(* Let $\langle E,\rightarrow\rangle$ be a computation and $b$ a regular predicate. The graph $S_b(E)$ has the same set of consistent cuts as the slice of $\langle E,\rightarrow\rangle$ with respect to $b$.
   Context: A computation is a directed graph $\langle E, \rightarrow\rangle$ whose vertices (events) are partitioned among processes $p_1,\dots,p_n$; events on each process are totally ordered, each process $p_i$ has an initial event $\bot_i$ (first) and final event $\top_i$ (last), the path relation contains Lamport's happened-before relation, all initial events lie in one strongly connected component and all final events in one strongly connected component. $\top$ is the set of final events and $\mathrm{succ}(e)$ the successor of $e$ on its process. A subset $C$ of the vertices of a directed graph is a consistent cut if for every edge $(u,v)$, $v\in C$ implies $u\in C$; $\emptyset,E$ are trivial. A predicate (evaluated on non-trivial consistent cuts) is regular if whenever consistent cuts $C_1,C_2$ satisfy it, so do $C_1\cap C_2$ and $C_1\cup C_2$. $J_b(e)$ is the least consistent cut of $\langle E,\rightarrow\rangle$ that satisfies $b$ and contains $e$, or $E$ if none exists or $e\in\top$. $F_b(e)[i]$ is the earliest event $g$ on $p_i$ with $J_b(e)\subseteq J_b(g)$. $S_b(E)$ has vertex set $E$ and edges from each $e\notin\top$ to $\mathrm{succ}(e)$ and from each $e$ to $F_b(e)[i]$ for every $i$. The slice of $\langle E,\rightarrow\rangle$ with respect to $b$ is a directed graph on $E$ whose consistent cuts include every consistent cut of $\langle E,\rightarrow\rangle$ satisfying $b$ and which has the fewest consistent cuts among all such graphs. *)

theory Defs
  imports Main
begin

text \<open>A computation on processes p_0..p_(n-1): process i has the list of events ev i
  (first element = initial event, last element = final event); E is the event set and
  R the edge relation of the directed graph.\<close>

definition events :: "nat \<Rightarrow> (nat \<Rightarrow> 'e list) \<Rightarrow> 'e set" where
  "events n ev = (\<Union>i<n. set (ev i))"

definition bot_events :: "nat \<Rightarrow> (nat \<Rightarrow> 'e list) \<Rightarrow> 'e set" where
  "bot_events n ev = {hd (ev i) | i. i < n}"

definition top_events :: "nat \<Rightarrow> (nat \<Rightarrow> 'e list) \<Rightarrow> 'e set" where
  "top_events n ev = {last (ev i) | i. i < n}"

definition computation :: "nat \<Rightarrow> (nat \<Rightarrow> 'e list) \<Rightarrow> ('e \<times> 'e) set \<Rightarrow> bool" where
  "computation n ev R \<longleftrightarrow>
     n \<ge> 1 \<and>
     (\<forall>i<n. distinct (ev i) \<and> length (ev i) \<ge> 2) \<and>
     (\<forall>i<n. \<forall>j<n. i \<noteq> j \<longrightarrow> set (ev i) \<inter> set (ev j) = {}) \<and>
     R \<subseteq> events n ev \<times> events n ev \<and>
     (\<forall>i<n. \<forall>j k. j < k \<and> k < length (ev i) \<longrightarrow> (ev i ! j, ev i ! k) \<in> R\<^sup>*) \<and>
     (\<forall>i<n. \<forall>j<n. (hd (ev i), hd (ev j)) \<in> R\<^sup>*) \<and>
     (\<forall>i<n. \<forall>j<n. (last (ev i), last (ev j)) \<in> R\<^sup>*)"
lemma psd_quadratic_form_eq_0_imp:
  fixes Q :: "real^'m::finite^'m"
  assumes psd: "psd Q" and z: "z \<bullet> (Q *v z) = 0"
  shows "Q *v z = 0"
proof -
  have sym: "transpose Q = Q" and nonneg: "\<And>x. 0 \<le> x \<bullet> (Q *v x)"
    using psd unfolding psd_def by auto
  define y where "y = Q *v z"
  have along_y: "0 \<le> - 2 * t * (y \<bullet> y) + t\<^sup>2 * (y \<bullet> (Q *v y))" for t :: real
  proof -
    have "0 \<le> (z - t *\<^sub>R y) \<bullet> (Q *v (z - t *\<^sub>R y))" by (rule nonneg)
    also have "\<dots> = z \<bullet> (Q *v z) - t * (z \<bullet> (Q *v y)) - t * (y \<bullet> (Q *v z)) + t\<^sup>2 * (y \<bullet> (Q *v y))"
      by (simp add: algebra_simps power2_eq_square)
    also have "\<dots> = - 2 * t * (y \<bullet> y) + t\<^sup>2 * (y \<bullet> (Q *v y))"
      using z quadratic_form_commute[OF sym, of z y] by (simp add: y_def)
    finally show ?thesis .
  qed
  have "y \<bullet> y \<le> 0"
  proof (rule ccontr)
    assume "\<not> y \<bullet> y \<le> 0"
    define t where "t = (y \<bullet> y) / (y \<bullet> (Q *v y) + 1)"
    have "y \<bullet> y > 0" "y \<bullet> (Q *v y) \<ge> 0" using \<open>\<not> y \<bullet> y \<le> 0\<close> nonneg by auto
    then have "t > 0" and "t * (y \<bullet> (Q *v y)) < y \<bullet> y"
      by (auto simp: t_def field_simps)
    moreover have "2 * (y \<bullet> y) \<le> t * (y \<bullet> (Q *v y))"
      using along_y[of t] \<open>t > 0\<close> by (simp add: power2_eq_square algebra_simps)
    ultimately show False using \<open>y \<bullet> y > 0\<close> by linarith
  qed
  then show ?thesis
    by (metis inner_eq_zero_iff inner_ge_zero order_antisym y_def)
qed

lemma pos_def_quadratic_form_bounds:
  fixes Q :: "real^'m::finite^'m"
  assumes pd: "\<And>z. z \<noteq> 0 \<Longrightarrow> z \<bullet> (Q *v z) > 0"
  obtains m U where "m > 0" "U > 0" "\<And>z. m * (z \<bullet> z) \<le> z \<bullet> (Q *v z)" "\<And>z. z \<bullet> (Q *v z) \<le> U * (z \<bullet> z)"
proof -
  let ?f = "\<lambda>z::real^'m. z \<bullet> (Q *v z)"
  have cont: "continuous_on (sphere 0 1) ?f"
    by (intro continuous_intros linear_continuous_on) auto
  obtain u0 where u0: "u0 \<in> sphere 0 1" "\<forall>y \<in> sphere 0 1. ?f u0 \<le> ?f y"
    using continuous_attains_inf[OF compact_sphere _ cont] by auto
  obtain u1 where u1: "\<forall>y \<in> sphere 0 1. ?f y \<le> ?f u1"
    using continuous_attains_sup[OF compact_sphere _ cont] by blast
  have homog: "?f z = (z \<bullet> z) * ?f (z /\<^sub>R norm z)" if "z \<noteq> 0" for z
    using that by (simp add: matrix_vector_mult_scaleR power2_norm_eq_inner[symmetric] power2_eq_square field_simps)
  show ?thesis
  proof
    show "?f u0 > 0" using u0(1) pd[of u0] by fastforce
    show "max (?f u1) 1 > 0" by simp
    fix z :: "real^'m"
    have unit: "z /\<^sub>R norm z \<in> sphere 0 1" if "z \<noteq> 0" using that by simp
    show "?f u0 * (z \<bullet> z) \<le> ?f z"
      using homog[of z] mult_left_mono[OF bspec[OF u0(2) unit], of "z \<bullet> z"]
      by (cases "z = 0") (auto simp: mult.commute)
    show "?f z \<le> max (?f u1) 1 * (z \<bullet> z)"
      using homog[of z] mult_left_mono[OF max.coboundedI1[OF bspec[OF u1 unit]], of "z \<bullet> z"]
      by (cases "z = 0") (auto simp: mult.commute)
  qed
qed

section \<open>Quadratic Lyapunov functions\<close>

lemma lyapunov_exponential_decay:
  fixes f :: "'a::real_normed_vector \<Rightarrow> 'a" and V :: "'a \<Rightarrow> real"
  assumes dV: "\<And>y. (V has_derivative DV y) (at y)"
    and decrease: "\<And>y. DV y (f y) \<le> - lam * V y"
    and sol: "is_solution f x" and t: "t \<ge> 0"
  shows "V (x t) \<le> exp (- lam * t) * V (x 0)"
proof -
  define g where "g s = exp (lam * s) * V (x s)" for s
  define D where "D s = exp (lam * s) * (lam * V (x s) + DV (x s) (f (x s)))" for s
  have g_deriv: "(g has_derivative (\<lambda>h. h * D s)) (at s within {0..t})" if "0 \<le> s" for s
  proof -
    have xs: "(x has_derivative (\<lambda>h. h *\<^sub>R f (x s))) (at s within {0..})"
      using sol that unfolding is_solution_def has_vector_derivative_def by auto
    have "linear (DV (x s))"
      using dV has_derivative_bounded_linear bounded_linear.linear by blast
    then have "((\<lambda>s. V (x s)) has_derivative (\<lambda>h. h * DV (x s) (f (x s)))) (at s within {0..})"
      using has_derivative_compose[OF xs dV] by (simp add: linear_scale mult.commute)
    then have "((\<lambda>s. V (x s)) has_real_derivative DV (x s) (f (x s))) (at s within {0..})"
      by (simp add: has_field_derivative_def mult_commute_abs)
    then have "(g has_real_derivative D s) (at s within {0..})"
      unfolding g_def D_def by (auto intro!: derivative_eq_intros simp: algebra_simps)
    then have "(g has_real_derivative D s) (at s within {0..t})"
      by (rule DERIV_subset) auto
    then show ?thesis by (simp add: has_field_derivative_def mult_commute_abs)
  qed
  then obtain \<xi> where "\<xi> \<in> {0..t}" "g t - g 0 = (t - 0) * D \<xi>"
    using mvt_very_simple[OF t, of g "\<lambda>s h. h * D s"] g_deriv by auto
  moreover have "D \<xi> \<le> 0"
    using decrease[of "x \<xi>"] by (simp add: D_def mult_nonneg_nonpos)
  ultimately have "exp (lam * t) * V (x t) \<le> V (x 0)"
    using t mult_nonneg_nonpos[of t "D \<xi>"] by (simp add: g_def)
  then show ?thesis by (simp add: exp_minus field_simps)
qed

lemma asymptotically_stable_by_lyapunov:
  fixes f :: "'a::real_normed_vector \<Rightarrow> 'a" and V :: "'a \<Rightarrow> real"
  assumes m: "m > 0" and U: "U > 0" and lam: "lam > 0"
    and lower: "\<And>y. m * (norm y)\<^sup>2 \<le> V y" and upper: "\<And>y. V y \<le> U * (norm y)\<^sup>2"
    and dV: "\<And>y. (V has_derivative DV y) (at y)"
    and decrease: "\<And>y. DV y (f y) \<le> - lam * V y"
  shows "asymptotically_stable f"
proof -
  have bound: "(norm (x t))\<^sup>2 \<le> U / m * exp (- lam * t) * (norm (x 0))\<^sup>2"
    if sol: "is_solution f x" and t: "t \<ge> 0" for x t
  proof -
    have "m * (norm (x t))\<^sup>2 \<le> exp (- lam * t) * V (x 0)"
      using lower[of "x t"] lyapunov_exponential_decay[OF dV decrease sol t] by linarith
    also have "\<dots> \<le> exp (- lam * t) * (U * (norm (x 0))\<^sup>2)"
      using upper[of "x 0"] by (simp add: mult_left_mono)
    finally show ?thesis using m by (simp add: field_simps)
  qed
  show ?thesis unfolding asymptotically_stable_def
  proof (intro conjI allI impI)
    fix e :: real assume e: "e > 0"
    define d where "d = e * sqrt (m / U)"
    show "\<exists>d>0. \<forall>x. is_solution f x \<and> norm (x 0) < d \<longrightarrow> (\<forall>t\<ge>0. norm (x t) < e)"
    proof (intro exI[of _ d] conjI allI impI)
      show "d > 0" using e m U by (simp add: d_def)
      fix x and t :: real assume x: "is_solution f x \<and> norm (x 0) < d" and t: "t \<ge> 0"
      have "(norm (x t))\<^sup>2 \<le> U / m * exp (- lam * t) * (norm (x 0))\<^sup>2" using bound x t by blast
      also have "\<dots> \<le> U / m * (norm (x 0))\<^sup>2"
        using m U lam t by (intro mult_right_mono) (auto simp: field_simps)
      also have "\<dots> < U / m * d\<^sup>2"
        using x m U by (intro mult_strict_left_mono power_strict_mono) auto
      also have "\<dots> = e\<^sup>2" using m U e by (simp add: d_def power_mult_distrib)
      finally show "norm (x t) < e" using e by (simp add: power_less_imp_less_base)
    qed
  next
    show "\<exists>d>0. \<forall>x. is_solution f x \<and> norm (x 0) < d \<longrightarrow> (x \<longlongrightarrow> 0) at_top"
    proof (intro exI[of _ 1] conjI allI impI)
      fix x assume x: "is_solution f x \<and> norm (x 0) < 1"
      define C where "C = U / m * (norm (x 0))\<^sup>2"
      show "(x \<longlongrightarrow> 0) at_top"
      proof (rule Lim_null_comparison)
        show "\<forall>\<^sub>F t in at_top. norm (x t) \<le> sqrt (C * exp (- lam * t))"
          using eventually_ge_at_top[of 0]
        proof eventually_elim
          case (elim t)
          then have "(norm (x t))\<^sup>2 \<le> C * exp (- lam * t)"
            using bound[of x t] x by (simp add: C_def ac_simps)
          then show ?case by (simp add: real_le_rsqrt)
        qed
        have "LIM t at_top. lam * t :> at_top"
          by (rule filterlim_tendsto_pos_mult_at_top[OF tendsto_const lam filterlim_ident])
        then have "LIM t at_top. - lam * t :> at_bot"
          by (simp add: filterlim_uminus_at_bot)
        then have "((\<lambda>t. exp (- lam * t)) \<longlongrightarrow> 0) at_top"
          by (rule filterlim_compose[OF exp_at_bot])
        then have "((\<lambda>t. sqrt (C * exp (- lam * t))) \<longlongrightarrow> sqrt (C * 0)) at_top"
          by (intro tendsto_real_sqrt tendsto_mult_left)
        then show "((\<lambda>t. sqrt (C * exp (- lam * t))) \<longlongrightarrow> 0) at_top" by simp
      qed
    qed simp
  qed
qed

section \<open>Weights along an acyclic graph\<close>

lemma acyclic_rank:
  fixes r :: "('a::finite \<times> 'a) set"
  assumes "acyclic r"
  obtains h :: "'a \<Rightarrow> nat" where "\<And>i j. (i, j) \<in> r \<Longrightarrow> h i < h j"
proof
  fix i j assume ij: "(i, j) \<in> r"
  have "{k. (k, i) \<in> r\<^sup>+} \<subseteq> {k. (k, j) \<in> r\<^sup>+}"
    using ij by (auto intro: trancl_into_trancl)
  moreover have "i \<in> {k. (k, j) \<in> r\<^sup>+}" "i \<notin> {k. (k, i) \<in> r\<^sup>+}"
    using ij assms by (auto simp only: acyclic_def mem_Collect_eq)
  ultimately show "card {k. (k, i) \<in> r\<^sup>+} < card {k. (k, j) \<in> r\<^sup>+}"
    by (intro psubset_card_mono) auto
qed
▬▬▬
A single figure is all that is needed: the number of lines above that contain the string "blast".

◆ FINAL ANSWER
3